| About this task |
Would you copy every line of the listing below that includes the word "langle"?

_ _ _

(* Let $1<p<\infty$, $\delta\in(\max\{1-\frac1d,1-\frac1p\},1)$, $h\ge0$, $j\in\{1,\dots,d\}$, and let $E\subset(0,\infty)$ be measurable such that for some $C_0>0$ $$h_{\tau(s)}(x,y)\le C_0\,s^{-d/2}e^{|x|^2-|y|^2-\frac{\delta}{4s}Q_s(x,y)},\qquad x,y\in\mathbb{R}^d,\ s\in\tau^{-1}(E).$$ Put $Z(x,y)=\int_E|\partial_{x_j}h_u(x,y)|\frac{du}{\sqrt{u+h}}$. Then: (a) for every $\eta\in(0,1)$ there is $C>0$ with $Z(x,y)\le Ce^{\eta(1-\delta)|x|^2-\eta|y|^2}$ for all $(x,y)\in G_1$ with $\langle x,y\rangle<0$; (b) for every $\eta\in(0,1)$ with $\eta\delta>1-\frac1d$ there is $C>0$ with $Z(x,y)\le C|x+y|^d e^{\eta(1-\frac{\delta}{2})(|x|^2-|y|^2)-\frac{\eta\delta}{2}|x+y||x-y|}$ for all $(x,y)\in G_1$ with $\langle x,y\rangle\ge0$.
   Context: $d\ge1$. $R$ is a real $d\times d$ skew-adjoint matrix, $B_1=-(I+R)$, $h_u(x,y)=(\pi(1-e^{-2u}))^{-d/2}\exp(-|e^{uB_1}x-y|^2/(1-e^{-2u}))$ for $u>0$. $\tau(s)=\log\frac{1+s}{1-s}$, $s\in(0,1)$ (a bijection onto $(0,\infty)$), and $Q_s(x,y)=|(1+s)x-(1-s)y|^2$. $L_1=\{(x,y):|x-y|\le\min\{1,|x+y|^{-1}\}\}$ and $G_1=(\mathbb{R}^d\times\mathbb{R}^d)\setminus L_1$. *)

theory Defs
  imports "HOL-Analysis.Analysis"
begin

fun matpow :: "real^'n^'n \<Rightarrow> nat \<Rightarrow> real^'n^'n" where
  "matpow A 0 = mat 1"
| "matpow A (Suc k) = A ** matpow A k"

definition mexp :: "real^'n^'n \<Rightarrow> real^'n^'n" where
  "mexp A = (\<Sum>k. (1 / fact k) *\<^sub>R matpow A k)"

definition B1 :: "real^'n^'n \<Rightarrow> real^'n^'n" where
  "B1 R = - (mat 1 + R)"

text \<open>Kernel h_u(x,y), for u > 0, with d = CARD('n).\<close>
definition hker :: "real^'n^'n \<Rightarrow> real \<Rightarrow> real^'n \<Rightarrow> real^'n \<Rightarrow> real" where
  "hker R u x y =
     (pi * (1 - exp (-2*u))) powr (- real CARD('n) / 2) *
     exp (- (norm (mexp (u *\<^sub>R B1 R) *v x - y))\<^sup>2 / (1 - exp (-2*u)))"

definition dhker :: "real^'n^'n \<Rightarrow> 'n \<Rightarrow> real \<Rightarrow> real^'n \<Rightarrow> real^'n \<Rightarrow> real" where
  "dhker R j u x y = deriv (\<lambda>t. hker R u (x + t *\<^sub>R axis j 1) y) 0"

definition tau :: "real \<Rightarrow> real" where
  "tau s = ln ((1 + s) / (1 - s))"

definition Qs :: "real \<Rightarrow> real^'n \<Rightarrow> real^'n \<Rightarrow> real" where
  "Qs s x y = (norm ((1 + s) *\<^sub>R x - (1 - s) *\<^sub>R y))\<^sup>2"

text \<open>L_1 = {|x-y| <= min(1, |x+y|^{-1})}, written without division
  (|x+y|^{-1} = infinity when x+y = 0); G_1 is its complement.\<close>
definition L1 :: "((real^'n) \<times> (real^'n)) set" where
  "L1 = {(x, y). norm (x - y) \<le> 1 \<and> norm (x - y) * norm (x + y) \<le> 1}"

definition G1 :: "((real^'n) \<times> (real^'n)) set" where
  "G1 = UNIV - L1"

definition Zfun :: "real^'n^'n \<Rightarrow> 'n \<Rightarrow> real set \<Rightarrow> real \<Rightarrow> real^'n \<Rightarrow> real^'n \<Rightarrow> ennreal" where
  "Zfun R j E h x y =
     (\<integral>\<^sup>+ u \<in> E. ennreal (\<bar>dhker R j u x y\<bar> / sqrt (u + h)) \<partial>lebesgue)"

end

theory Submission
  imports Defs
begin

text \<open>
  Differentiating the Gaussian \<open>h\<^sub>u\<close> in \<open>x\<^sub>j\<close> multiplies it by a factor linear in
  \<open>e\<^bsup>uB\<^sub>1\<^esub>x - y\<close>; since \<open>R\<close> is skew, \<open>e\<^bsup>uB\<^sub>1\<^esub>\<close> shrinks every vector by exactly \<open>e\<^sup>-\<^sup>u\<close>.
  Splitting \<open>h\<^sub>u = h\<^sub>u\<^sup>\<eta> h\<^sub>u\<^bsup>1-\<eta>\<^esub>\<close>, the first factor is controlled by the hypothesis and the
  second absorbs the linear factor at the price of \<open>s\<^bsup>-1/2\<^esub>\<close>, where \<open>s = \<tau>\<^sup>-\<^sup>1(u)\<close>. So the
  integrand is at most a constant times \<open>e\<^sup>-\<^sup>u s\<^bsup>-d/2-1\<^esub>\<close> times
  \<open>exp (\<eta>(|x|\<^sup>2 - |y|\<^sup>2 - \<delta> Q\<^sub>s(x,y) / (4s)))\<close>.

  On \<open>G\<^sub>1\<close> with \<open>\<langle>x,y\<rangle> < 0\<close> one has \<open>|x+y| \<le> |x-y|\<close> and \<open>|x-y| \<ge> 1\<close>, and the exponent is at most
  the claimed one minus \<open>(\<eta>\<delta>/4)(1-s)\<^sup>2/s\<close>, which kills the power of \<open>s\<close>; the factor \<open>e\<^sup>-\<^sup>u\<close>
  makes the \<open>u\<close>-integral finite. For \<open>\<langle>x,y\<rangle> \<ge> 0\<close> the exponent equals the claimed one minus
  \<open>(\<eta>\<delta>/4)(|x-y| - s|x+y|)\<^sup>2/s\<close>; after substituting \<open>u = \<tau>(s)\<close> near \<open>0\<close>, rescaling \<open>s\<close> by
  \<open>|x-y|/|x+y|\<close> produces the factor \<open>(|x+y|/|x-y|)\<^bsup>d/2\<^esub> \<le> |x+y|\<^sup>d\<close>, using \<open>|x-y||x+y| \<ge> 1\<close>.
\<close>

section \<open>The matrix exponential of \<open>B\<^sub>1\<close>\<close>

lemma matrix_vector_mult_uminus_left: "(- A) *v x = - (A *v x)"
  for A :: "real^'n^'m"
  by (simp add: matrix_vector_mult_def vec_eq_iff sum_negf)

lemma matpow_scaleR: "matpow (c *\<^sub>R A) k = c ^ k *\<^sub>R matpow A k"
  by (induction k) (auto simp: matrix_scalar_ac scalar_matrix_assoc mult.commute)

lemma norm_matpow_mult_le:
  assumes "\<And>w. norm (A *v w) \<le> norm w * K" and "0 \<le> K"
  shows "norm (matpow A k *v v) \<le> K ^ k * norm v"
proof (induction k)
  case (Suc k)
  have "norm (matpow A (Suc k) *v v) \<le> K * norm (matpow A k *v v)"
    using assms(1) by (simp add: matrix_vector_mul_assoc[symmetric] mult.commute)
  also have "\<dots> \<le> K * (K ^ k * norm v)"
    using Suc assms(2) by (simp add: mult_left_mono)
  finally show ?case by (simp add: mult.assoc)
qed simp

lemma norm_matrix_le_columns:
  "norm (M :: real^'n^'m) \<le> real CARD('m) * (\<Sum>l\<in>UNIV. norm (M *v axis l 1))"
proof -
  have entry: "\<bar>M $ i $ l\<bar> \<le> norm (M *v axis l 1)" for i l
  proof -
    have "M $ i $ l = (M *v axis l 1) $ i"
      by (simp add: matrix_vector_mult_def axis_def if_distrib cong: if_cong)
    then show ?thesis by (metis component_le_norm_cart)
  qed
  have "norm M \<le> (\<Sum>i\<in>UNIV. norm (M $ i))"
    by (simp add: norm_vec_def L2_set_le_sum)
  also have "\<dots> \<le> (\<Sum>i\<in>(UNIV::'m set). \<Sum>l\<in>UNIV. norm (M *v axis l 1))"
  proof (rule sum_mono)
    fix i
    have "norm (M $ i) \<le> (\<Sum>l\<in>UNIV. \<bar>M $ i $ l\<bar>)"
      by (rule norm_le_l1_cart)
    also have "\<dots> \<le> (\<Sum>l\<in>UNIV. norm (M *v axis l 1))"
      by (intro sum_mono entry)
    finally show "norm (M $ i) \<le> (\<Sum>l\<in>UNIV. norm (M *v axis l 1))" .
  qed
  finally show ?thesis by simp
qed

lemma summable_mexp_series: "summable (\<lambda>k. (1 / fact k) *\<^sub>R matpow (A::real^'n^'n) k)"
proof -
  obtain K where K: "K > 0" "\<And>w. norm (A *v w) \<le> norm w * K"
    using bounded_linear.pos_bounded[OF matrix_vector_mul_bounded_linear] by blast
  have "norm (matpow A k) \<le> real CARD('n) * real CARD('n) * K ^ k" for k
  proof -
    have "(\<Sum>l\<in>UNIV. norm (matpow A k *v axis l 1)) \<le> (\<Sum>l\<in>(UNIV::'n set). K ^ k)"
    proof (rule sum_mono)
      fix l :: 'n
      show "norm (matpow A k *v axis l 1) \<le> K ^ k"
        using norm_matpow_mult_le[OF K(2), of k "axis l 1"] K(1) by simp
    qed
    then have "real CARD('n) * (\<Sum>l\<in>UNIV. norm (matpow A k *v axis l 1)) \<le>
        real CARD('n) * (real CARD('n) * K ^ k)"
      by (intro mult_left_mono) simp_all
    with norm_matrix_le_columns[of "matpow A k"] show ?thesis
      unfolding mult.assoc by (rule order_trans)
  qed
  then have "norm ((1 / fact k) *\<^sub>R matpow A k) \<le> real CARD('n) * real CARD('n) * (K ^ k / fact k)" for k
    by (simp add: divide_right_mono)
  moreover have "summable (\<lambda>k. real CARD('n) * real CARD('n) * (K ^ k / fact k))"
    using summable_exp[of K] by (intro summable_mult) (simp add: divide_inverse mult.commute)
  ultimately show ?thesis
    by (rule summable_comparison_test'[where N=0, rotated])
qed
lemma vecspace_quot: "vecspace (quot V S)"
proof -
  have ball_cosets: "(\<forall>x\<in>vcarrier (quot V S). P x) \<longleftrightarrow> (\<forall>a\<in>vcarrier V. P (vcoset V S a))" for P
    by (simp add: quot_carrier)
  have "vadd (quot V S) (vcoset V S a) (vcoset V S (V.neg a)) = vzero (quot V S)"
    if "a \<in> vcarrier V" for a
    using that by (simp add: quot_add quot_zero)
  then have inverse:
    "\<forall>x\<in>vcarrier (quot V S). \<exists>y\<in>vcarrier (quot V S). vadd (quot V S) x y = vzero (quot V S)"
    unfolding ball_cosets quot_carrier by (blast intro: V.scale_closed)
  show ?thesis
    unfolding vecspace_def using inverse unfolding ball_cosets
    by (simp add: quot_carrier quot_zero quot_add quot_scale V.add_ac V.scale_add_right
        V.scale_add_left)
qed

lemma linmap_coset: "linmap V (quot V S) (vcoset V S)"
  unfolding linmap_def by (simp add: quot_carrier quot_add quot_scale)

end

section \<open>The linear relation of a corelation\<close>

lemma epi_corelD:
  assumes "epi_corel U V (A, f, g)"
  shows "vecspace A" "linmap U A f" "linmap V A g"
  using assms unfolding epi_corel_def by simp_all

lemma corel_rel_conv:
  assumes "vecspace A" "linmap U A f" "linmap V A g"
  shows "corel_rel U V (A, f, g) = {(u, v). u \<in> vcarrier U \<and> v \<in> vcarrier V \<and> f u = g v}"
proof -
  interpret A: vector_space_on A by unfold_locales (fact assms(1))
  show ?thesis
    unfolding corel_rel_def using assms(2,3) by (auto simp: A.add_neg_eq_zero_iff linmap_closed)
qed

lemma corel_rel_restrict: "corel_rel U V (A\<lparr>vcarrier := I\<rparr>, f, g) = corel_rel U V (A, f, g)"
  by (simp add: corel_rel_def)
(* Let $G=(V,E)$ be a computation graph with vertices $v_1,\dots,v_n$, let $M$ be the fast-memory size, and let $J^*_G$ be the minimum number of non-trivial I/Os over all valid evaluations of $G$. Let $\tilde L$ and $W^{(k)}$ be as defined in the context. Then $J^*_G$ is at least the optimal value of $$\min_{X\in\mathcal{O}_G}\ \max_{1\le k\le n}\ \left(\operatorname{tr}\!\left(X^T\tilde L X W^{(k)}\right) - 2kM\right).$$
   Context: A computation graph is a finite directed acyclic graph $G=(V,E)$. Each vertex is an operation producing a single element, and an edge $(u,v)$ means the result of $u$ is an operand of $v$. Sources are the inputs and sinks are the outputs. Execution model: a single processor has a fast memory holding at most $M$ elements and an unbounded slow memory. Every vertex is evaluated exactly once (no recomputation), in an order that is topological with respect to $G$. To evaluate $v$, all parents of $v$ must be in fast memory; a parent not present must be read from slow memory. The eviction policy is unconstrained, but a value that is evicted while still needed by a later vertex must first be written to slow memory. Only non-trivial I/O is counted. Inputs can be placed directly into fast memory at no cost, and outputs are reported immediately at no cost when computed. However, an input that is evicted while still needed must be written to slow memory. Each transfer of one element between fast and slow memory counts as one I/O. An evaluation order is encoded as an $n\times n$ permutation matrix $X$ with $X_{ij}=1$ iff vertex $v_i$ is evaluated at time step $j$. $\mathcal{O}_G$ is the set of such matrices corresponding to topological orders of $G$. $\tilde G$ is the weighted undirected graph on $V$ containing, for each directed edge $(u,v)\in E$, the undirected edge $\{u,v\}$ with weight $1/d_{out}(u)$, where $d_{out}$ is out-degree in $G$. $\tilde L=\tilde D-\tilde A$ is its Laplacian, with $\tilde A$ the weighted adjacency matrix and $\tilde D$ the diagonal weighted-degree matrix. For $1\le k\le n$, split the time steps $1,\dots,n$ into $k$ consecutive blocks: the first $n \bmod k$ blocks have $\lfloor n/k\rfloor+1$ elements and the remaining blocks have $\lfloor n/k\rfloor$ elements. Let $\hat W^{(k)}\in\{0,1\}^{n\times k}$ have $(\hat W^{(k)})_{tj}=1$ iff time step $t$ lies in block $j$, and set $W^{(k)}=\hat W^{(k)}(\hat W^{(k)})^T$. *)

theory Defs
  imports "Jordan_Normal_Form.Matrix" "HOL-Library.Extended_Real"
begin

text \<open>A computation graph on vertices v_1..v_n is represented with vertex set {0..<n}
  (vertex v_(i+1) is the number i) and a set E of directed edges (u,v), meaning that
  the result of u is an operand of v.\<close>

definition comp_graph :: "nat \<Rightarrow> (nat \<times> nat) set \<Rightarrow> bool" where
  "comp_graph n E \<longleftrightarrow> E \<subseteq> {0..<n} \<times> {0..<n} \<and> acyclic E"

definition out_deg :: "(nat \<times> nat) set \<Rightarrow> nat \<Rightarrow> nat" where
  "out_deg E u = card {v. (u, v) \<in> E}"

_ _ _

| Output for this exercise |
(* Let $1<p<\infty$, $\delta\in(\max\{1-\frac1d,1-\frac1p\},1)$, $h\ge0$, $j\in\{1,\dots,d\}$, and let $E\subset(0,\infty)$ be measurable such that for some $C_0>0$ $$h_{\tau(s)}(x,y)\le C_0\,s^{-d/2}e^{|x|^2-|y|^2-\frac{\delta}{4s}Q_s(x,y)},\qquad x,y\in\mathbb{R}^d,\ s\in\tau^{-1}(E).$$ Put $Z(x,y)=\int_E|\partial_{x_j}h_u(x,y)|\frac{du}{\sqrt{u+h}}$. Then: (a) for every $\eta\in(0,1)$ there is $C>0$ with $Z(x,y)\le Ce^{\eta(1-\delta)|x|^2-\eta|y|^2}$ for all $(x,y)\in G_1$ with $\langle x,y\rangle<0$; (b) for every $\eta\in(0,1)$ with $\eta\delta>1-\frac1d$ there is $C>0$ with $Z(x,y)\le C|x+y|^d e^{\eta(1-\frac{\delta}{2})(|x|^2-|y|^2)-\frac{\eta\delta}{2}|x+y||x-y|}$ for all $(x,y)\in G_1$ with $\langle x,y\rangle\ge0$.
  On \<open>G\<^sub>1\<close> with \<open>\<langle>x,y\<rangle> < 0\<close> one has \<open>|x+y| \<le> |x-y|\<close> and \<open>|x-y| \<ge> 1\<close>, and the exponent is at most
  makes the \<open>u\<close>-integral finite. For \<open>\<langle>x,y\<rangle> \<ge> 0\<close> the exponent equals the claimed one minus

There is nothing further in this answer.